Read more in the :ref:`User Guide <cross_validation>`.
Parameters
----------
*arrays : sequence of indexables with same length / shape[0]
Allowed inputs are lists, numpy arrays, scipy-sparse
matrices or pandas dataframes.
test_size : float, int or None, optional (default=None)
If float, should be between 0.0 and 1.0 and represent the proportion
of the dataset to include in the test split. If int, represents the
absolute number of test samples. If None, the value is set to the
complement of the train size. If ``train_size`` is also None, it will
be set to 0.25.
train_size : float, int, or None, (default=None)
If float, should be between 0.0 and 1.0 and represent the
proportion of the dataset to include in the train split. If
int, represents the absolute number of train samples. If None,
the value is automatically set to the complement of the test size.
random_state : int, RandomState instance or None, optional (default=None)
If int, random_state is the seed used by the random number generator;
If RandomState instance, random_state is the random number generator;
If None, the random number generator is the RandomState instance used
by `np.random`.
shuffle : boolean, optional (default=True)
Whether or not to shuffle the data before splitting.
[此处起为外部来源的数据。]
(* For any choice of eigenbases $B_g$ ($g\in G$) used to define $\Upsilon$, the composite $\Phi^*\Upsilon:C^p\to C^p$ is the identity map for every $p\ge0$.
   Context: Let $G$ be a finite group acting linearly on a complex vector space $V$ of dimension $n$, $v\mapsto{}^gv$, and on $V^*$, $S(V)$, $\bigwedge V^*$ accordingly. $S(V)\#G$ is $S(V)\otimes\mathbb C G$ with product $(a\otimes g)(b\otimes h)=a\,{}^gb\otimes gh$. Let $C^p=S(V)\otimes\bigwedge^pV^*\otimes\mathbb C[G]$, identified with $\operatorname{Hom}_{\mathbb C}(\bigwedge^pV,S(V)\#G)$ (for $f\otimes\omega\otimes g$, $u\mapsto \omega(u)f\otimes g$). $\Phi^*:\operatorname{Hom}_{\mathbb C}(S(V)^{\otimes p},S(V)\#G)\to C^p$ is given by $(\Phi^*F)(u_1\wedge\cdots\wedge u_p)=\sum_{\pi\in\mathrm{Sym}_p}\operatorname{sgn}(\pi)F(u_{\pi(1)}\otimes\cdots\otimes u_{\pi(p)})$ for $u_i\in V$. The map $\Upsilon:C^p\to\operatorname{Hom}_{\mathbb C}(S(V)^{\otimes p},S(V)\#G)$ is defined as follows. For each $g\in G$ fix a basis $B_g=\{v_1,\dots,v_n\}$ of $V$ of eigenvectors of $g$, ${}^gv_i=\epsilon_iv_i$, with dual basis $v_1^*,\dots,v_n^*$; let $s_i\in GL(V)$ be the diagonal map (in this basis) $v_i\mapsto\epsilon_iv_i$, $v_j\mapsto v_j$ ($j\ne i$), so $g=s_1\cdots s_n$. Let $\partial_i:S(V)\to S(V)$ be the ordinary partial derivative $\partial/\partial v_i$ if $\epsilon_i=1$ and $\partial_i(f)=(f-{}^{s_i}f)/(v_i-{}^{s_i}v_i)$ if $\epsilon_i\ne1$. For $\alpha=f_g\otimes v_{j_1}^*\wedge\cdots\wedge v_{j_p}^*\otimes g$ with $j_1<\cdots<j_p$, set $\Upsilon(\alpha)(f_1\otimes\cdots\otimes f_p)=\Big(\prod_{k=1}^p{}^{s_1s_2\cdots s_{j_k-1}}(\partial_{j_k}f_k)\Big)f_g\otimes g$, and extend linearly. *)

theory Defs
  imports "HOL-Analysis.Analysis" "HOL-Combinatorics.Permutations"
begin

(* V = complex^'n (column vectors), G acts by matrices g *v v.
   V^* is modelled by complex^'n as well (row vectors xi, pairing xi(v) = sum_i xi$i * v$i).
   S(V) is modelled as the algebra of polynomial functions on V^* (faithful since C is infinite):
   an element v of V is the linear function lin v. *)

definition lin :: "complex^'n \<Rightarrow> (complex^'n \<Rightarrow> complex)" where
  "lin v = (\<lambda>\<xi>. \<Sum>i\<in>UNIV. \<xi>$i * v$i)"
If shuffle=False
then stratify must be None.
stratify : array-like or None (default=None)
If not None, data is split in a stratified fashion, using this as
the class labels.
Returns
-------
splitting : list, length=2 * len(arrays)
List containing train-test split of inputs.
.. versionadded:: 0.16
If the input is sparse, the output will be a
``scipy.sparse.csr_matrix``. Else, output type is the same as the
input type.
Examples
--------
>>> import numpy as np
>>> from sklearn.model_selection import train_test_split
>>> X, y = np.arange(10).reshape((5, 2)), range(5)
>>> X
array([[0, 1],
[2, 3],
[4, 5],
[6, 7],
[8, 9]])
>>> list(y)
[0, 1, 2, 3, 4]
>>> X_train, X_test, y_train, y_test = train_test_split(
... X, y, test_size=0.33, random_state=42)
...
>>> X_train
array([[4, 5],
[0, 1],
[6, 7]])
>>> y_train
[2, 0, 3]
>>> X_test
array([[2, 3],
[8, 9]])
>>> y_test
[1, 4]
>>> train_test_split(y, shuffle=False)
[[0, 1, 2], [3, 4]]
构造测试数据
data = datasets.load_iris()
irisDf = pd.DataFrame(data=data.data, columns=data.feature_names)
# 增加属性数据
irisDf["target"] = data.target
# 重编码
irisDf["species"] = irisDf.target.map({0:"Setosa",1:"Versicolour",2:"Virginica"})
# 列名变换
irisDf.columns = ["sepalLength","sepalWidth","petalLength","petalWidth","target","species"]
irisDf.head()
sepalLength | sepalWidth | petalLength | petalWidth | target | species | |
---|---|---|---|---|---|---|
0 | 5.1 | 3.5 | 1.4 | 0.2 | 0 | Setosa |
1 | 4.9 | 3.0 | 1.4 | 0.2 | 0 | Setosa |
2 | 4.7 | 3.2 | 1.3 | 0.2 | 0 | Setosa |
3 | 4.6 | 3.1 | 1.5 | 0.2 | 0 | Setosa |
4 | 5.0 | 3.6 | 1.4 | 0.2 | 0 | Setosa |
简单的参数说明:
- test_size:float时是划分比例,int则是样本数
- random_state:指定随机数种子,使得结果可复现
- stratify:数据类型为array-like,该参数是指split数据时,按照该数据进行分层抽样,通常是为了保证split之后的正负样本比一致
If not None, data is split in a stratified fashion, using this as the class labels.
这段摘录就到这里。